Estímulo ao controle biológico

JOSMARI PAVAN | jpavan@ucs.br
Fotos: Claudia Velho

Alimentos cultivados segundo os princípios da agricultura orgânica NÃO são APENAS sinônimo de saúde. Mais do que isso, representam uma alternativa para inibir a contaminação das lavouras por agrotóxicos. Porém, viabilizar esse tipo de agricultura em larga escala ainda é um desafio

Alimentos orgânicos, produzidos sem o uso de defensivos químicos agrícolas, têm conseguido cada vez mais espaço na mesa das pessoas pela garantia de que não agridem a saúde humana e o meio ambiente.

Levantamento realizado em 2012 pela Federação Internacional dos Movimentos de Agricultura Orgânica (IFOAM) indica que mais de 37,5 milhões de hectares são ocupados pela agricultura orgânica em todo o mundo. Desde o ano de 1999, essa área triplicou, levando-se em conta o cultivo em todos os continentes. Ainda segundo a IFOAM, a Oceania possui a maior área dedicada à agricultura orgânica, representando 12,2 milhões de hectares. Em seguida estão, respectivamente, Europa (11,2 milhões), América Latina (6,8 milhões), Ásia (3,2 milhões), América do Norte (3 milhões) e o continente Africano (1,1 milhões).

A América Latina, com seus quase 7 milhões de hectares, abriga 18% de toda área agrícola orgânica do planeta. O Brasil ocupa a quinta posição entre os países com a maior área de cultivo orgânico. Segundo dados do Ministério da Agricultura, o ano de 2013 fechou com 6.719 produtores e 10.064 unidades de produção orgânica em todo o Brasil, comparado a 2012. Um aumento de 22%.

Apesar da expansão percebida nos últimos anos, a agricultura orgãnica encontra na logística de produção um dos principais entraves para o seu desenvolvimento. Em culturas orgânicas, o combate de pragas e de doenças é realizado por meio do controle biológico. O método consiste em utilizar um organismo vivo para atacar outro que seja prejudicial à lavoura. Esse controle natural é uma alternativa ao uso de agrotóxicos.

Equipe de laboratório desenvolve pesquisas para o controle de pragas em culturas agrícolas. Uma das etapas consiste na criação de condições ideais para o desenvolvimento em laboratório, e posterior teste para combate, da Anticarsia gemmatalis, conhecida como como lagarta-da-soja. A espécie ataca culturas de soja no país inteiro, prejudicando a produtividade das lavouras.

A pesquisa na UCS

Com o objetivo de identificar e desenvolver formas eficazes de controle biológico, a Universidade de Caxias do Sul mantém pesquisas abrigadas no Instituto de Biotecnologia e no Centro de Ciências Biológicas e da Saúde.

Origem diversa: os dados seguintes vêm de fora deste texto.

theorem lemma5p10:
  fixes M :: "nat \<Rightarrow> 'a measure"
    and x :: "nat \<Rightarrow> nat \<Rightarrow> real"
    and y :: "nat \<Rightarrow> nat \<Rightarrow> 'a \<Rightarrow> real"
    and Z :: "nat \<Rightarrow> nat \<Rightarrow> 'a \<Rightarrow> real"
    and \<Delta> \<rho> :: "nat \<Rightarrow> real"
    and \<sigma>e \<beta>2 \<beta>1 cx cx2 \<eta> :: real
  assumes \<sigma>e_pos: "\<sigma>e > 0"
    and prob: "\<And>n. n > 2 \<Longrightarrow> prob_space (M n)"
    and y_distr: "\<And>n i. n > 2 \<Longrightarrow> i < n \<Longrightarrow>
                   distributed (M n) lborel (y n i) (normal_density (\<beta>2 + \<beta>1 * x n i) \<sigma>e)"
    and Z_distr: "\<And>n j. n > 2 \<Longrightarrow> j < 5 \<Longrightarrow> distributed (M n) lborel (Z n j) std_normal_density"
    and indep: "\<And>n. n > 2 \<Longrightarrow> prob_space.indep_vars (M n) (\<lambda>_. borel)
                   (\<lambda>k. case k of Inl i \<Rightarrow> y n i | Inr j \<Rightarrow> Z n j) ({..<n} <+> {..<5})"
    and \<Delta>_pos: "\<And>n. n > 2 \<Longrightarrow> \<Delta> n > 0"
    and \<rho>_pos: "\<And>n. n > 2 \<Longrightarrow> \<rho> n > 0"
    and A1x: "(\<lambda>n. mean n (\<lambda>i. x n i)) \<longlonglongrightarrow> cx"
    and A1x2: "(\<lambda>n. mean n (\<lambda>i. (x n i)^2)) \<longlonglongrightarrow> cx2"
    and A1c: "cx2 > cx^2"
    and A2: "(\<lambda>n. (\<Sum>i<n. ((\<beta>2 + \<beta>1 * x n i)
                  - ((\<beta>2 + \<beta>1 * mean n (\<lambda>k. x n k)) + 0 * x n i))^2) / \<sigma>e^2) \<longlonglongrightarrow> \<eta>^2"
    and A3a: "(\<lambda>n. (\<Delta> n)^2 / (\<rho> n * real n)) \<longlonglongrightarrow> 0"
    and A3b: "(\<lambda>n. (\<Delta> n)^4 / (\<rho> n * real n)) \<longlonglongrightarrow> 0"
    and A4y: "(\<lambda>n. measure (M n) {\<omega> \<in> space (M n). \<exists>i<n. y n i \<omega> \<notin> {- \<Delta> n .. \<Delta> n}}) \<longlonglongrightarrow> 0"
    and A4x: "\<And>n i. n > 2 \<Longrightarrow> i < n \<Longrightarrow> x n i \<in> {- \<Delta> n .. \<Delta> n}"
  shows
    "let cy = \<beta>2 + \<beta>1 * cx;
         cxy = \<beta>2 * cx + \<beta>1 * cx2;
         ca = cxy - cx * cy;
         cb = cx2 - cx^2;
         cy2 = \<beta>2^2 + 2 * cx * \<beta>1 * \<beta>2 + \<beta>1^2 * cx2 + \<sigma>e^2;
         Chalf = (1 / sqrt (cx2 + 1 + 2 * sqrt cb)) *\<^sub>R
                   (vector [vector [1 + sqrt cb, cx], vector [cx, cx2 + sqrt cb]] :: real^2^2);
         xb = (\<lambda>n. mean n (\<lambda>i. x n i));
         x2b = (\<lambda>n. mean n (\<lambda>i. (x n i)^2));
         yb = (\<lambda>n \<omega>. mean n (\<lambda>i. y n i \<omega>));
         xyb = (\<lambda>n \<omega>. mean n (\<lambda>i. x n i * y n i \<omega>));
         sxh = (\<lambda>n. x2b n - (xb n)^2)
     in
      conv_prob M (\<lambda>n \<omega>. sqrt (real n) * \<bar>tx \<Delta> \<rho> x Z n \<omega> - xb n\<bar>) 0
    \<and> conv_prob M (tx \<Delta> \<rho> x Z) cx
    \<and> conv_prob M (\<lambda>n \<omega>. sqrt (real n) * \<bar>ty \<Delta> \<rho> y Z n \<omega> - yb n \<omega>\<bar>) 0
    \<and> conv_prob M (ty \<Delta> \<rho> y Z) cy
    \<and> conv_prob M (\<lambda>n \<omega>. sqrt (real n) * \<bar>tx2 \<Delta> \<rho> x Z n \<omega> - x2b n\<bar>) 0
    \<and> conv_prob M (tx2 \<Delta> \<rho> x Z) cx2
    \<and> conv_prob M (\<lambda>n \<omega>. sqrt (real n) * \<bar>txy \<Delta> \<rho> x y Z n \<omega> - xyb n \<omega>\<bar>) 0
    \<and> conv_prob M (txy \<Delta> \<rho> x y Z) cxy
    \<and> conv_prob M (\<lambda>n \<omega>. sqrt (real n) * \<bar>(tx \<Delta> \<rho> x Z n \<omega>)^2 - (xb n)^2\<bar>) 0
    \<and> conv_prob M (\<lambda>n \<omega>. sqrt (real n) *
          \<bar>tx \<Delta> \<rho> x Z n \<omega> * ty \<Delta> \<rho> y Z n \<omega> - xb n * yb n \<omega>\<bar>) 0
    \<and> conv_prob M (\<lambda>n \<omega>. txy \<Delta> \<rho> x y Z n \<omega> - tx \<Delta> \<rho> x Z n \<omega> * ty \<Delta> \<rho> y Z n \<omega>) ca
    \<and> conv_prob M (tsx \<Delta> \<rho> x Z) cb \<and> cb \<noteq> 0
    \<and> conv_prob M (\<lambda>n \<omega>. sqrt (real n) * (tsx \<Delta> \<rho> x Z n \<omega> - sxh n)) 0
    \<and> conv_prob M (\<lambda>n \<omega>. sqrt (real n) *\<^sub>R (Etil \<Delta> \<rho> x Z n \<omega> - cmat (Ehat x n))) 0
    \<and> conv_prob M (Etil \<Delta> \<rho> x Z) (cmat Chalf)
    \<and> conv_prob M (\<lambda>n \<omega>. vector [ty \<Delta> \<rho> y Z n \<omega>, txy \<Delta> \<rho> x y Z n \<omega>] :: real^2) (vector [cy, cxy])
    \<and> conv_prob M (ty2 \<Delta> \<rho> y Z) cy2"
proof -
  interpret dp_linear_regression M x y Z \<Delta> \<rho> \<sigma>e \<beta>2 \<beta>1 cx cx2
    by (rule dp_linear_regression.intro[OF \<sigma>e_pos prob y_distr Z_distr indep A1x A1x2 A1c A3a A3b A4y A4x])
  have Chalf: "(1 / sqrt (cx2 + 1 + 2 * sqrt (cx2 - cx\<^sup>2))) *\<^sub>R
      (vector [vector [1 + sqrt (cx2 - cx\<^sup>2), cx], vector [cx, cx2 + sqrt (cx2 - cx\<^sup>2)]] :: real^2^2)
      = sqrt_mat2 1 cx cx2"
    by (simp add: sqrt_mat2_def Let_def add.commute[of 1 cx2])
  have sq: "root_n_close_to M (\<lambda>n \<omega>. (tx \<Delta> \<rho> x Z n \<omega>)\<^sup>2) (\<lambda>n \<omega>. (xbar n)\<^sup>2) (cx * cx)"
    using root_n_close_to_mult[OF root_n_close_to_tx root_n_close_to_tx] by (simp add: power2_eq_square)
  note close = root_n_close_to_tx root_n_close_to_ty root_n_close_to_tx2 root_n_close_to_txy sq
    root_n_close_to_mult[OF root_n_close_to_tx root_n_close_to_ty]
  note conv = close[THEN root_n_close_toD(2)] root_n_close_to_tsx[THEN root_n_close_toD(2)]
  show ?thesis
    unfolding Let_def Chalf
    using A1c by (intro conjI conv_oprob_imp_conv_prob conv root_n_close_abs close[THEN root_n_close_toD(1)]
        root_n_close_to_tsx[THEN root_n_close_toD(1), unfolded root_n_close_def]
        conv_oprob_diff[OF conv(4) conv_oprob_mult[OF conv(1) conv(2)]]
        conv_oprob_root_n_Etil_Ehat conv_oprob_Etil conv_oprob_ty_txy conv_oprob_ty2) simp
qed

Um dos estudos em controle biológico na UCS foca em combater lagartas que se tornaram pragas em culturas agrícolas de importância econômica. Um dos principais exemplos é a Anticarsia gemmatalis, conhecida como lagarta-da-soja, espécie que mais preocupa produtores de soja no país inteiro.

A professora Neiva Monteiro de Barros, coordenadora do Laboratório de Controle de Pragas do Instituto de Biotecnologia da UCS, e a professora Lúcia Bertholdo Vargas, pesquisadora do laboratório, conduzem estudos que provam a eficácia de um fungo, o Nomuraea rileyi, no controle da lagarta-da-soja. Conforme as pesquisadoras, testes mostram que o fungo é capaz de matar a lagarta agindo de forma seletiva (ou seja, sem prejudicar todos os organismos vivos do ambiente - incluindo os seres humanos). Por isso, o manuseio é mais seguro do que com os agrotóxicos. No entanto, além do tempo de resposta ser mais lento, a aplicação de defensivos alternativos está condicionada a condições climáticas favoráveis.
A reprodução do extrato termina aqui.